__Work order__.
All that is wanted is a word-for-word retyping of the lines from the one containing "(\<forall>h\<in>H. s1 h" through the end of the material below.

__Supplied data__.

(* On a cell of the combinatorial model whose ribbon graph $\Gamma$ has only odd-valent vertices, for every edge $e$ with length $\ell$ one has $\Omega[\mathcal P(d\ell)]=d\ell$, where $$\Omega=\sum_f\eta_f,\qquad \mathcal P=\frac14\sum_{x\in V(\Gamma)}\sum_{1\le j<k\le n_x}(-1)^{k-j-1}\frac{\partial}{\partial\ell_j}\wedge\frac{\partial}{\partial\ell_k}.$$
   Context: $\Gamma$ is a metric ribbon graph (from a Jenkins–Strebel differential) with edge lengths $\ell_e$ as coordinates on the cell and faces $f$. For a face $f$ with boundary edges $e_1,\dots,e_{n_f}$ in counterclockwise order, $\eta_f=\sum_{1\le j<k\le n_f}d\ell_j\wedge d\ell_k$. In $\mathcal P$, for each vertex $x$ of valence $n_x$, $e_1,\dots,e_{n_x}$ are the edges incident to $x$ in counterclockwise order with lengths $\ell_1,\dots,\ell_{n_x}$ (both $\Omega$ and $\mathcal P$ are independent of the choice of the first edge). $\mathcal P(d\ell)$ denotes the contraction of the bivector with $d\ell$ and $\Omega[X]$ the contraction of the 2-form with the vector field $X$. *)

theory Defs
  imports Complex_Main "HOL-Combinatorics.Permutations"
begin

(* A ribbon graph is encoded by a finite set H of half-edges, a permutation s0 of H
   (counterclockwise cyclic order of half-edges around each vertex) and a
   fixed-point-free involution s1 of H (the two half-edges of an edge).
   Vertices = s0-cycles, edges = s1-cycles {h, s1 h},
   faces = cycles of  (inv s0) o s1, which traverses every face boundary counterclockwise. *)

definition cyc_len :: "('h \<Rightarrow> 'h) \<Rightarrow> 'h \<Rightarrow> nat" where
  "cyc_len f h = (LEAST n. 0 < n \<and> (f ^^ n) h = h)"

definition orb :: "('h \<Rightarrow> 'h) \<Rightarrow> 'h \<Rightarrow> 'h set" where
  "orb f h = {(f ^^ n) h | n. True}"

definition ribbon_graph :: "'h set \<Rightarrow> ('h \<Rightarrow> 'h) \<Rightarrow> ('h \<Rightarrow> 'h) \<Rightarrow> bool" where
  "ribbon_graph H s0 s1 \<longleftrightarrow>
     finite H \<and> H \<noteq> {} \<and> s0 permutes H \<and> s1 permutes H \<and>
     (\<forall>h\<in>H. s1 h \<noteq> h \<and> s1 (s1 h) = h) \<and>
     (\<forall>h\<in>H. \<forall>h'\<in>H. (h, h') \<in> ({(a, s0 a) | a. a \<in> H} \<union> {(a, s1 a) | a. a \<in> H})\<^sup>*)"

__Solution to this problem__.
     (\<forall>h\<in>H. s1 h \<noteq> h \<and> s1 (s1 h) = h) \<and>
     (\<forall>h\<in>H. \<forall>h'\<in>H. (h, h') \<in> ({(a, s0 a) | a. a \<in> H} \<union> {(a, s1 a) | a. a \<in> H})\<^sup>*)"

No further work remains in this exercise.